EXERCISE REQUIREMENTS -> From the line containing "using rate1_nonneg P1" to the last line below, retype everything word for word.

*** PROVIDED ENTRIES Section Begins ***

text \<open>Scaling both powers by \<open>c \<ge> 1\<close> multiplies every SINR by at most \<open>c\<close>, so the
  scaled rates exceed the old ones by at most \<open>log 2 c\<close> and stay integrable.\<close>

lemma feasible_scale_powers:
  assumes feas: "P2_feasible R11 R22 R12 N0 Pm1 Pm2 \<tau> P1 u1 P2 u2" and "0 < \<tau>"
    and c: "1 \<le> c" "c * P1 \<le> Pm1" "c * P2 \<le> Pm2"
  shows "P2_feasible R11 R22 R12 N0 Pm1 Pm2 \<tau> (c * P1) u1 (c * P2) u2"
proof -
  interpret finite_measure channels by (rule finite_measure_channels)
  have P: "0 \<le> P1" "0 \<le> P2" and u: "beamformer R11 u1" "beamformer R22 u2"
    and ER1: "\<tau> \<le> integral\<^sup>L channels (rate1 P1 u1 P2 u2)"
    using feas by (auto simp: P2_feasible_def ER1_eq_integral)
  have gains: "0 \<le> (cmod z)\<^sup>2" "0 \<le> Re (herm_form R12 v v)" for z v
    using hermitian_pd_nonneg[OF pd12] by auto
  have int: "integrable channels (rate1 P1 u1 P2 u2)"
    using feasible_imp_integrable_rate1[OF feas \<open>0 < \<tau>\<close>] .
  have le: "rate1 P1 u1 P2 u2 hh \<le> rate1 (c * P1) u1 (c * P2) u2 hh" for hh
    unfolding rate1_def using N0_pos P gains c by (intro sinr_rate_le_scaled) auto
  have "integrable channels (rate1 (c * P1) u1 (c * P2) u2)"
  proof (rule integrable_if_nonneg_le_shift[OF int])
    show "rate1 (c * P1) u1 (c * P2) u2 \<in> borel_measurable channels"
      using u by (auto simp: beamformer_def intro: rate_measurable)
    show "AE hh in channels. 0 \<le> rate1 (c * P1) u1 (c * P2) u2 hh
        \<and> rate1 (c * P1) u1 (c * P2) u2 hh \<le> log 2 c + rate1 P1 u1 P2 u2 hh"
      unfolding rate1_def using N0_pos P gains c
      by (intro AE_I2 conjI sinr_rate_nonneg sinr_rate_scaled_le) auto
  qed
  then have "\<tau> \<le> integral\<^sup>L channels (rate1 (c * P1) u1 (c * P2) u2)"
    using ER1 int le by (meson integral_mono order_trans)
  then show ?thesis
    using feas c P by (auto simp: P2_feasible_def ER1_eq_integral)
qed

lemma ER2_less_scale_powers:
  assumes u: "beamformer R11 u1" "beamformer R22 u2" and P: "0 \<le> P1" "0 \<le> P2"
    and c: "1 < c" and pos: "0 < ER2 R11 R22 R21 N0 P1 u1 P2 u2"
  shows "ER2 R11 R22 R21 N0 P1 u1 P2 u2 < ER2 R11 R22 R21 N0 (c * P1) u1 (c * P2) u2"
proof -
  interpret finite_measure channels by (rule finite_measure_channels)
  have gains: "0 \<le> (cmod z)\<^sup>2" "0 \<le> Re (herm_form R21 v v)" for z v
    using hermitian_pd_nonneg[OF pd21] by auto
  have int: "integrable channels (rate2 P1 u1 P2 u2)"
    using pos not_integrable_integral_eq by (fastforce simp: ER2_eq_integral)
  have "integrable channels (rate2 (c * P1) u1 (c * P2) u2)"
  proof (rule integrable_if_nonneg_le_shift[OF int])
    show "rate2 (c * P1) u1 (c * P2) u2 \<in> borel_measurable channels"
      using u by (auto simp: beamformer_def intro: rate_measurable)
    show "AE hh in channels. 0 \<le> rate2 (c * P1) u1 (c * P2) u2 hh
        \<and> rate2 (c * P1) u1 (c * P2) u2 hh \<le> log 2 c + rate2 P1 u1 P2 u2 hh"
      unfolding rate2_def using N0_pos P gains c
      by (intro AE_I2 conjI sinr_rate_nonneg sinr_rate_scaled_le) auto
  qed
  then show ?thesis
    unfolding ER2_eq_integral
  proof (rule integral_less_if_less_on_support[OF int])
    show "0 \<le> rate2 P1 u1 P2 u2 hh" for hh using rate2_nonneg P .
    show "rate2 P1 u1 P2 u2 hh \<le> rate2 (c * P1) u1 (c * P2) u2 hh" for hh
      unfolding rate2_def using N0_pos P gains c by (intro sinr_rate_le_scaled) auto
    show "rate2 P1 u1 P2 u2 hh < rate2 (c * P1) u1 (c * P2) u2 hh"
      if "0 < rate2 P1 u1 P2 u2 hh" for hh
      using that unfolding rate2_def using N0_pos P gains c by (intro sinr_rate_less_scaled) auto
  qed (use pos in \<open>simp add: ER2_eq_integral\<close>)
qed

text \<open>When TX 1 is below full power it can absorb any interference from a weak
  transmission of TX 2 by raising its own power.\<close>

lemma feasible_full_power_matched_filter:
  assumes feas: "P2_feasible R11 R22 R12 N0 Pm1 Pm2 \<tau> P1 u1 P2 u2" and "0 < \<tau>"
    and "P1 < Pm1" "0 < Pm2"
  obtains Q where "0 < Q" "P2_feasible R11 R22 R12 N0 Pm1 Pm2 \<tau> Pm1 u1 Q sgn"
proof -
  interpret finite_measure channels by (rule finite_measure_channels)
  have P1: "0 < P1" using feasible_imp_power1_pos[OF feas \<open>0 < \<tau>\<close>] .
  have P2: "0 \<le> P2" and u1: "beamformer R11 u1"
    and ER1: "\<tau> \<le> integral\<^sup>L channels (rate1 P1 u1 P2 u2)"
    using feas by (auto simp: P2_feasible_def ER1_eq_integral)
  obtain L where L: "0 < L" "\<And>x. Re (herm_form R12 x x) \<le> L * (norm x)\<^sup>2"
    using herm_form_le_norm_sq by blast
  define Q where "Q = min Pm2 ((Pm1 - P1) * N0 / (P1 * L))"
  have "Q \<le> (Pm1 - P1) * N0 / (P1 * L)" by (simp add: Q_def)
  then have "Q * (P1 * L) \<le> (Pm1 - P1) * N0"
    using P1 L by (simp add: pos_le_divide_eq)
  moreover have "0 < Q"
    using P1 L \<open>P1 < Pm1\<close> \<open>0 < Pm2\<close> N0_pos unfolding Q_def by (simp add: field_simps)
  ultimately have Q: "0 < Q" "Q \<le> Pm2" "P1 * (Q * L) \<le> (Pm1 - P1) * N0"
    by (simp_all add: Q_def mult_ac)
  have interference: "0 \<le> Re (herm_form R12 (sgn v) (sgn v))" "Re (herm_form R12 (sgn v) (sgn v)) \<le> L"
    for v :: "complex^'n"
    using hermitian_pd_nonneg[OF pd12] L(2)[of "sgn v"] L(1) by (auto simp: norm_sgn split: if_splits)
  have le: "rate1 P1 u1 P2 u2 hh \<le> rate1 Pm1 u1 Q sgn hh" for hh
    unfolding rate1_def
  proof (rule sinr_rate_le_less_interference)
    have "P1 * (Q * Re (herm_form R12 (sgn (snd hh)) (sgn (snd hh)))) \<le> P1 * (Q * L)"
      using P1 Q interference by (intro mult_left_mono) auto
    then show "P1 * (N0 + Q * Re (herm_form R12 (sgn (snd hh)) (sgn (snd hh)))) \<le> Pm1 * N0"
      using Q by (simp add: algebra_simps)
  qed (use N0_pos P1 P2 Q interference hermitian_pd_nonneg[OF pd12] in auto)
  have "integrable channels (rate1 Pm1 u1 Q sgn)"
  proof (rule integrable_if_nonneg_le_shift[where c = 0])
    show "integrable channels (\<lambda>hh. log 2 (1 + Pm1 / N0 * (norm (fst hh))\<^sup>2))"
      using integrable_CN_log[OF pd11, of "Pm1 / N0"] P1 \<open>P1 < Pm1\<close> N0_pos
      by (intro integrable_pair_measure_fst finite_measure_CN[OF pd22]) auto
    show "rate1 Pm1 u1 Q sgn \<in> borel_measurable channels"
      using u1 by (auto simp: beamformer_def intro: rate_measurable)
    have "AE hh in channels. norm (u1 (fst hh)) = 1"
      using u1 by (intro AE_pair_measure_fst sigma_finite_measure_CN[OF pd22]) (simp add: beamformer_def)
    then show "AE hh in channels. 0 \<le> rate1 Pm1 u1 Q sgn hh
        \<and> rate1 Pm1 u1 Q sgn hh \<le> 0 + log 2 (1 + Pm1 / N0 * (norm (fst hh))\<^sup>2)"
    proof eventually_elim
      case (elim hh)
      then have "(cmod (cdot (fst hh) (u1 (fst hh))))\<^sup>2 \<le> (norm (fst hh))\<^sup>2"
        using cmod_cdot_le[of "fst hh" "u1 (fst hh)"] by (simp add: power_mono)
      then have "rate1 Pm1 u1 Q sgn hh \<le> log 2 (1 + Pm1 / N0 * (norm (fst hh))\<^sup>2)"
        unfolding rate1_def using N0_pos P1 \<open>P1 < Pm1\<close> Q interference
        by (intro sinr_rate_le_snr_rate) auto
      moreover have "0 \<le> rate1 Pm1 u1 Q sgn hh"
        using rate1_nonneg P1 \<open>P1 < Pm1\<close> Q by simp
      ultimately show ?case by simp
    qed
  qed
  then have "\<tau> \<le> integral\<^sup>L channels (rate1 Pm1 u1 Q sgn)"
    using ER1 feasible_imp_integrable_rate1[OF feas \<open>0 < \<tau>\<close>] le by (meson integral_mono order_trans)
  then show thesis
    using that Q P1 \<open>P1 < Pm1\<close> u1 beamformer_sgn by (auto simp: P2_feasible_def ER1_eq_integral)
qed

*** PROVIDED ENTRIES Section Ends ***

WRITTEN RESPONSE ->
        using rate1_nonneg P1 \<open>P1 < Pm1\<close> Q by simp
      ultimately show ?case by simp
    qed
  qed
  then have "\<tau> \<le> integral\<^sup>L channels (rate1 Pm1 u1 Q sgn)"
    using ER1 feasible_imp_integrable_rate1[OF feas \<open>0 < \<tau>\<close>] le by (meson integral_mono order_trans)
  then show thesis
    using that Q P1 \<open>P1 < Pm1\<close> u1 beamformer_sgn by (auto simp: P2_feasible_def ER1_eq_integral)
qed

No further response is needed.